Compare the TACCO segmentation to the watershed segmentation results from (Codeluppi et al.)

[11]:

fig,axs = tc.pl.subplots(3, axsize=(1.9,1.9), x_padding=0.5)
tc.pl.scatter(norm_datas['reference'],'ClusterName', position_key='X_tsne', colors=color_dict, joint=True, noticks=True, margin=0.1, axes_labels=['tSNE 0','tSNE 1'], ax=axs[0,0], legend=False, );
tc.pl.scatter(norm_datas['TonT'],     'tacco',       position_key='X_tsne', colors=color_dict, joint=True, noticks=True, margin=0.1, axes_labels=['tSNE 0','tSNE 1'], ax=axs[0,1], legend=False, );
tc.pl.scatter(norm_datas['TonT'],     'ClusterName', position_key='X_tsne', colors=color_dict, joint=True, noticks=True, margin=0.1, axes_labels=['tSNE 0','tSNE 1'], ax=axs[0,2], legend=True, );
axs[0,0].set_title('osmFISH recovered cells')
axs[0,1].set_title('TACCO segmentation')
axs[0,2].set_title('with osmFISH annotation')

[11]:

Text(0.5, 1.0, 'with osmFISH annotation')

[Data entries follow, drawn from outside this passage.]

text \<open>These coefficients obey the Hermite recurrence, divided by \<open>m!\<close>.\<close>
lemma hermite_coeff_recurrence:
  "real (Suc (Suc m)) * hermite_coeff x (Suc (Suc m)) =
     2 * x * hermite_coeff x (Suc m) - 2 * hermite_coeff x m"
proof -
  define N where "N = Suc (Suc m)"
  define a where "a i = (2 * x) ^ i / fact i" for i
  have a_Suc: "real (Suc i) * a (Suc i) = 2 * x * a i" for i
    unfolding a_def by (simp add: fact_Suc field_simps del: of_nat_Suc)
  have "real N * hermite_coeff x N =
        (\<Sum>i\<le>N. real i * a i * gauss_coeff (N - i)) +
        (\<Sum>i\<le>N. a i * (real (N - i) * gauss_coeff (N - i)))"
    unfolding hermite_coeff_def a_def[symmetric] sum_distrib_left sum.distrib[symmetric]
    by (intro sum.cong refl) (auto simp: of_nat_diff algebra_simps)
  also have "(\<Sum>i\<le>N. real i * a i * gauss_coeff (N - i)) =
             (\<Sum>i\<le>Suc m. real (Suc i) * a (Suc i) * gauss_coeff (Suc m - i))"
    unfolding N_def by (subst sum.atMost_Suc_shift) simp
  also have "\<dots> = 2 * x * hermite_coeff x (Suc m)"
    unfolding hermite_coeff_def a_def[symmetric] sum_distrib_left
    by (simp only: a_Suc mult.assoc)
  also have "(\<Sum>i\<le>N. a i * (real (N - i) * gauss_coeff (N - i))) =
             (\<Sum>i\<le>m. a i * (-2 * gauss_coeff (m - i)))"
    unfolding N_def sum.atMost_Suc gauss_coeff_recurrence
    by (simp, intro sum.cong refl) (auto simp: Suc_diff_le)
  also have "\<dots> = - 2 * hermite_coeff x m"
    unfolding hermite_coeff_def a_def sum_distrib_left by (simp add: algebra_simps)
  finally show ?thesis unfolding N_def by simp
qed
lemma exists_conj_subgradient:
  fixes g :: "('a::banach \<Rightarrow>\<^sub>L real) \<Rightarrow> ereal" and xs :: "'a \<Rightarrow>\<^sub>L real"
  assumes "proper_fun g" "g y0 = ereal r0" "conj_le g x1 K1" "r0 < blinfun_apply xs x1 - K1"
  obtains z and w :: "'a \<Rightarrow>\<^sub>L real" where "conj_le g z (conjugate g z)" "\<And>x r. conj_le g x r \<Longrightarrow> w x - r \<le> w z - conjugate g z"
    and "w z < xs z"
proof -
  obtain z R \<alpha> M where "z \<noteq> 0" "norm z \<le> R" "norm x1 < R" "0 < \<alpha>" "\<alpha> < M"
    and z: "conj_le g z (conjugate g z)"
    and ekeland: "\<And>x r. conj_le g x r \<Longrightarrow> norm x < R \<Longrightarrow>
       conjugate g z - xs z + M * norm z \<le> r - xs x + M * norm x + \<alpha> * norm (x - z)"
    using conj_ekeland_point[OF assms] by blast
  define \<psi> where "\<psi> x = xs x - M * norm x - \<alpha> * norm (x - z)" for x
  define C where "C = {v. conj_le g (fst v) (snd v)}"
  have concave: "concave_on UNIV \<psi>" and lip: "(norm xs + M + \<alpha>)-lipschitz_on UNIV \<psi>"
    unfolding \<psi>_def using \<open>0 < \<alpha>\<close> \<open>\<alpha> < M\<close>
    by (simp_all add: concave_on_linear_minus_norms lipschitz_on_linear_minus_norms)
  have above: "conjugate g z + \<psi> x - \<psi> z \<le> r" if "(x, r) \<in> C" "norm x < R" for x r
    using ekeland[of x r] that unfolding C_def \<psi>_def by simp
  have upward: "(x, r') \<in> C" if "(x, r) \<in> C" "r \<le> r'" for x r r'
    using that conj_le_mono unfolding C_def by auto
  have "convex C" "(z, conjugate g z) \<in> C" "(x1, K1) \<in> C"
    using convex_conj_le_epigraph z assms(3) unfolding C_def by simp_all
  then obtain w :: "'a \<Rightarrow>\<^sub>L real" where w_sub: "\<And>x r. (x, r) \<in> C \<Longrightarrow> w x - r \<le> w z - conjugate g z"
    and w_sup: "\<And>x. norm x < R \<Longrightarrow> \<psi> x - \<psi> z \<le> w x - w z"
    using ball_sandwich_subgradient[of C z "conjugate g z" R x1 K1 \<psi>] upward above concave lip
      \<open>norm z \<le> R\<close> \<open>norm x1 < R\<close> by blast
  txt \<open>Evaluating the sandwich at 0: the term M \<parallel>\<cdot>\<parallel> pushes w z strictly below xs z.\<close>
  have "w z \<le> xs z - (M - \<alpha>) * norm z"
    using w_sup[of 0] \<open>norm x1 < R\<close> norm_ge_zero[of x1] unfolding \<psi>_def by (simp add: algebra_simps)
  also have "\<dots> < xs z" using \<open>z \<noteq> 0\<close> \<open>\<alpha> < M\<close> by simp
  finally have "w z < xs z" .
  moreover have "w x - r \<le> w z - conjugate g z" if "conj_le g x r" for x r
    using w_sub[of x r] that unfolding C_def by simp
  ultimately show thesis using that z by blast
qed

lemma conj_subgradient_imp_subdiff_X:
  fixes g :: "('a::real_normed_vector \<Rightarrow>\<^sub>L real) \<Rightarrow> ereal" and w :: "'a \<Rightarrow>\<^sub>L real"
  assumes P: "proper_fun g" "convex_ereal g" "weak_star_lsc g"
    and z: "conj_le g z c" and w: "\<And>x r. conj_le g x r \<Longrightarrow> w x - r \<le> w z - c"
  shows "g w = ereal (w z - c)" "z \<in> subdiff_X g w"
proof -
  have "g w \<le> ereal (w z - c)"
  proof (rule ccontr)
    assume "\<not> g w \<le> ereal (w z - c)"
    then obtain x K where "conj_le g x K" "w z - c < w x - K"
      using exists_affine_minorant_above[OF P, of "w z - c" w] by (metis not_le)
    then show False using w by fastforce
  qed
  moreover have "g w \<noteq> - \<infinity>" using P(1) unfolding proper_fun_def by blast
  ultimately obtain \<gamma> where \<gamma>: "g w = ereal \<gamma>" "\<gamma> \<le> w z - c" by (cases "g w") auto
  then have "w z - \<gamma> \<le> c" using z unfolding conj_le_def by simp
  with \<gamma> show "g w = ereal (w z - c)" by simp
  show "z \<in> subdiff_X g w"
    unfolding subdiff_X_def
  proof (intro CollectI allI)
    fix ys
    show "ereal (blinfun_apply (ys - w) z) \<le> g ys - g w"
    proof (cases "g ys")
      case (real r)
      then have "ys z - r \<le> c" using z unfolding conj_le_def by simp
      then have "ys z - w z \<le> r - \<gamma>" using \<gamma>(2) by linarith
      then show ?thesis using real \<gamma>(1) by simp
    qed (use \<gamma> P(1) in \<open>auto simp: proper_fun_def\<close>)
  qed
qed

theorem mainTheorem8:
  fixes g :: "('a::banach \<Rightarrow>\<^sub>L real) \<Rightarrow> ereal"
    and xs :: "'a \<Rightarrow>\<^sub>L real"
  assumes "proper_fun g" and "convex_ereal g" and "weak_star_lsc g"
    and "(INF y. g y) < g xs"
  shows "\<exists>zs z. zs \<in> dom_fun g \<and> z \<in> subdiff_X g zs \<and> g zs < g xs
                \<and> blinfun_apply (xs - zs) z > 0"
proof -
  obtain y0 where "g y0 < g xs" using assms(4) by (auto simp: INF_less_iff)
  moreover have "g y0 \<noteq> - \<infinity>" using assms(1) unfolding proper_fun_def by blast
  ultimately obtain r0 where y0: "g y0 = ereal r0" and "ereal r0 < g xs" by (cases "g y0") auto
  then obtain x1 K1 where "conj_le g x1 K1" "r0 < xs x1 - K1"
    using exists_affine_minorant_above[OF assms(1-3)] by blast
  then obtain z and w :: "'a \<Rightarrow>\<^sub>L real" where z: "conj_le g z (conjugate g z)"
    and w: "\<And>x r. conj_le g x r \<Longrightarrow> w x - r \<le> w z - conjugate g z" and "w z < xs z"
    using exists_conj_subgradient[OF assms(1) y0] by blast
  have gw: "g w = ereal (w z - conjugate g z)" and "z \<in> subdiff_X g w"
    using conj_subgradient_imp_subdiff_X[OF assms(1-3) z w] by blast+
  moreover have "g w < g xs"
  proof (cases "g xs")
    case (real r)
    then have "xs z - r \<le> conjugate g z" using z unfolding conj_le_def by simp
    then show ?thesis using real gw \<open>w z < xs z\<close> by simp
  qed (use gw assms(1) in \<open>auto simp: proper_fun_def\<close>)
  ultimately show ?thesis using \<open>w z < xs z\<close> unfolding dom_fun_def by force
qed

end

../_images/notebooks_osmFISH_single_molecule_annotation_22_1.png

Cross-comparison of annotations of different methods with combinations of segmentation methods and annotations used in the segmentation

[12]:

fig,axs = tc.pl.subplots(len(method_keys),len(seg_props), axsize=(2.0,2.0), x_padding=0.5, y_padding=0.5)
for i_data,key in enumerate(seg_props.index):
    for j_method,method in enumerate(method_keys):
        tc.pl.scatter(norm_datas[key],method,    position_key='X_tsne', colors=color_dict, joint=True, noticks=True, margin=0.1, axes_labels=['tSNE 0','tSNE 1'], ax=axs[i_data,j_method], legend=((i_data==0) and (j_method==len(method_keys)-1)), );
        axs[i_data,j_method].set_title(f'{method_props.loc[method,"nice_name"]} annotation')
    axs[i_data,0].text(-0.25, 0.5, seg_props.loc[key,"nice_name"], fontsize='large', rotation=90, horizontalalignment='center', verticalalignment='center', transform=axs[i_data,0].transAxes)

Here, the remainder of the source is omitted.